Computation of weighted sum as below is common in practice.

*NumericExtensions.jl* directly supports such computation via `wsum`

and `wsumfdiff`

:

```
wsum(w, x) # weighted sum of x with weights w
wsum(w, f1, x1) # weighted sum of f1(x1) with weights w
wsum(w, f2, x1, x2) # weighted sum of f2(x1, x2) with weights w
wsum(w, f3, x1, x2, x3) # weighted sum of f3(x1, x2, x3) with weights w
wsumfdiff(w, f2, x, y) # weighted sum of f2(x - y) with weights w
```

These functions also support computing the weighted sums along a specific dimension:

```
wsum(w, x, dim)
wsum!(dst, w, x, dim)
wsum(w, f1, x1, dim)
wsum!(dst, w, f1, x1, dim)
wsum(w, f2, x1, x2, dim)
wsum!(dst, w, f2, x1, x2, dim)
wsum(w, f3, x1, x2, x3, dim)
wsum!(dst, w, f3, x1, x2, x3, dim)
wsumfdiff(w, f2, x, y, dim)
wsumfdiff!(dst, w, f2, x, y, dim)
```

Furthermore, `wsumabs`

, `wsumabsdiff`

, `wsumsq`

, `wsumsqdiff`

are provided to compute weighted sum of absolute values / squares to simplify common use:

```
wsumabs(w, x) # weighted sum of abs(x)
wsumabs(w, x, dim)
wsumabs!(dst, w, x, dim)
wsumabsdiff(w, x, y) # weighted sum of abs(x - y)
wsumabsdiff(w, x, y, dim)
wsumabsdiff!(dst, w, x, y, dim)
wsumsq(w, x) # weighted sum of abs2(x)
wsumsq(w, x, dim)
wsumsq!(dst, w, x, dim)
wsumsqdiff(w, x, y) # weighted sum of abs2(x - y)
wsumsqdiff(w, x, y, dim)
wsumsqdiff!(dst, w, x, y, dim)
```

## Performance¶

The reduction and map-reduction functions are carefully optimized. In particular, several tricks lead to performance improvement:

- computation is performed in a cache-friendly manner;
- computation completes in a single pass without creating intermediate arrays;
- kernels are inlined via the use of typed functors;
- inner loops use linear indexing (with pre-computed offset);
- opportunities of using BLAS are exploited.

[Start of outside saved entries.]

lemma sums_bergman_kernel_coeff:
  fixes w :: complex
  assumes "norm w < 1"
  shows "(\<lambda>m. of_real (bergman_kernel_coeff b m) * w ^ m) sums (1 - w) powr - of_real (2 + b)"
proof -
  have "(\<lambda>m. ((- of_real (2 + b)) gchoose m) * (- w) ^ m) sums (1 + - w) powr (- of_real (2 + b))"
    using assms by (intro gen_binomial_complex) simp
  moreover have "((- of_real (2 + b)) gchoose m) * (- w) ^ m = of_real (bergman_kernel_coeff b m) * w ^ m"
    for m
    unfolding gbinomial_minus_mult_power_minus bergman_kernel_coeff_def pochhammer_of_real by simp
  ultimately show ?thesis by simp
qed

section \<open>Taylor coefficients\<close>

lemma taylor_coeff_eqI:
  assumes "r > 0" and "\<And>z. z \<in> ball 0 r \<Longrightarrow> (\<lambda>m. a m * z ^ m) sums f z"
  shows "taylor_coeff f m = a m"
proof -
  have "eventually (\<lambda>z. (\<lambda>m. fps_nth (Abs_fps a) m * z ^ m) sums f z) (nhds 0)"
    using eventually_nhds_in_open[of "ball 0 r" 0] assms by (auto elim!: eventually_mono)
  from fps_nth_fps_expansion[OF has_fps_expansionI[OF this]] show ?thesis
    by (simp add: taylor_coeff_def)
qed

lemma taylor_coeff_cong:
  "eventually (\<lambda>z. f z = g z) (nhds 0) \<Longrightarrow> taylor_coeff f n = taylor_coeff g n"
  unfolding taylor_coeff_def by (simp add: higher_deriv_cong_ev)

lemma taylor_coeff_monomial: "taylor_coeff (\<lambda>z. z ^ k) m = (if m = k then 1 else 0)"
  using fps_nth_fps_expansion[OF has_fps_expansion_fps_X_power[of k], of m]
  by (simp add: taylor_coeff_def)

lemma taylor_coeff_poly: "taylor_coeff (poly p) n = coeff p n"
proof -
  have "eval_fps (fps_of_poly p) has_fps_expansion fps_of_poly p"
    by (intro eval_fps_has_fps_expansion) simp
  from fps_nth_fps_expansion[OF this, of n] show ?thesis
    by (simp add: taylor_coeff_def eval_fps_of_poly[abs_def])
qed

lemma sums_taylor_coeff:
  assumes "f holomorphic_on ball 0 1" and "z \<in> ball 0 1"
  shows "(\<lambda>m. taylor_coeff f m * z ^ m) sums f z"
  using holomorphic_power_series[OF assms] by (simp add: taylor_coeff_def)

lemma summable_norm_taylor_coeff:
  assumes "f holomorphic_on ball 0 1" and "0 \<le> s" "s < 1"
  shows "summable (\<lambda>m. norm (taylor_coeff f m) * s ^ m)"
proof -
  have "of_real ((1 + s) / 2) \<in> ball (0 :: complex) 1"
    unfolding mem_ball_0 norm_of_real using assms by simp
  then have "summable (\<lambda>m. taylor_coeff f m * of_real ((1 + s) / 2) ^ m)"
    by (rule sums_summable[OF sums_taylor_coeff[OF assms(1)]])
  then have "summable (\<lambda>m. norm (taylor_coeff f m * of_real s ^ m))"
    by (rule powser_insidea) (use assms in \<open>simp only: norm_of_real, simp\<close>)
  then show ?thesis
    using assms by (simp add: norm_mult norm_power)
qed

lemma norm_taylor_coeff_le:
  assumes "g holomorphic_on ball 0 1" and "\<And>z. norm z = 1/2 \<Longrightarrow> norm (g z) \<le> B"
  shows "norm (taylor_coeff g n) \<le> 2 ^ n * B"
proof -
  have "norm ((deriv ^^ n) g 0) \<le> fact n * B / (1/2) ^ n"
  proof (rule Cauchy_inequality)
    show "g holomorphic_on ball 0 (1/2)"
      using assms(1) by (rule holomorphic_on_subset) auto
    show "continuous_on (cball 0 (1/2)) g"
      using holomorphic_on_imp_continuous_on[OF assms(1)] by (rule continuous_on_subset) auto
  qed (use assms(2) in auto)
  then show ?thesis
    by (simp add: taylor_coeff_def norm_divide divide_le_eq power_one_over field_simps)
qed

Generally, many of the reduction functions in this package can achieve *3x - 12x* speed up as compared to the typical Julia expression.

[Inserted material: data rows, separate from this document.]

(* Let $\mathbb{K}$ be a field, $m\ge 3$, $R=\mathbb{K}[T_1,\dots,T_m]$, and let $I=\langle T_1^{a_1},\dots,T_m^{a_m},T_1^{b_1}\cdots T_m^{b_m}\rangle\subset R$, where $0\le b_i<a_i$ for all $i$ and $b_i\neq 0$ for at least two indices $i$. Let $L\subset S=R[X_1,\dots,X_m,W]$ be the defining ideal of the Rees algebra of $I$. Then the set $\Gamma_0\cup\Gamma_1$, where $$\Gamma_0=\{\mathcal{P}(X_i,X_j)\mid 1\le j<i\le m+1\},\qquad \Gamma_1=\{\mathcal{P}(W^{|\mathbf{c}|},\mathbf{X}^{\mathbf{c}})\mid \mathbf{0}\neq \mathbf{c}\in\mathbb{N}^m\},$$ is an (infinite) Gröbner basis of $L$ with respect to the monomial order $\tau$.
   Context: Write $\mathbf{T}^{\mathbf{b}}=T_1^{b_1}\cdots T_m^{b_m}$. Let $\Phi:S\to R[Z]$ be the $R$-algebra homomorphism with $X_i\mapsto T_i^{a_i}Z$ ($1\le i\le m$) and $W\mapsto \mathbf{T}^{\mathbf{b}}Z$; its image is the Rees algebra $\mathcal{R}(I)=\bigoplus_{k\ge0}I^kZ^k$ and $L=\ker\Phi$. Set $X_{m+1}:=W$. For $\mathbf{c}\in\mathbb{N}^m$, $\mathbf{X}^{\mathbf{c}}=X_1^{c_1}\cdots X_m^{c_m}$ and $|\mathbf{c}|=\sum c_i$. Let $\Psi:S\to R$ be the $R$-algebra map with $X_i\mapsto T_i^{a_i}$, $W\mapsto\mathbf{T}^{\mathbf{b}}$. For monomials $M,N$ in $X_1,\dots,X_m,W$ (of the same degree), put $g=\gcd(\Psi(M),\Psi(N))$ and $\mathcal{P}(M,N):=\frac{\Psi(N)}{g}M-\frac{\Psi(M)}{g}N\in L$. The order $\tau$ is the lexicographic order on $S$ with $W>X_m>X_{m-1}>\cdots>X_1>T_1>\cdots>T_m$. *)

theory Defs
  imports Main "HOL-Library.Poly_Mapping"
begin

text \<open>Variables of the big polynomial ring: T i (i = 1..m), X i (i = 1..m+1, with
  X (m+1) playing the role of W), and the auxiliary Rees variable Z.\<close>
datatype var = T nat | X nat | Z

type_synonym monom = "var \<Rightarrow>\<^sub>0 nat"
type_synonym 'k mpoly = "monom \<Rightarrow>\<^sub>0 'k"

definition Var :: "var \<Rightarrow> 'k::comm_ring_1 mpoly" where
  "Var v = Poly_Mapping.single (Poly_Mapping.single v 1) 1"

We observe further speed up for certain functions:

- full reduction with
`sumabs`

,`sumsq`

, and`dot`

utilize BLAS level 1 routines, and they achieve*10x*to*30x*speed up. - For
`var`

and`std`

, we devise dedicated procedures, where computational steps are very carefully scheduled such that most computation is conducted in a single pass. This results in about*25x*speedup.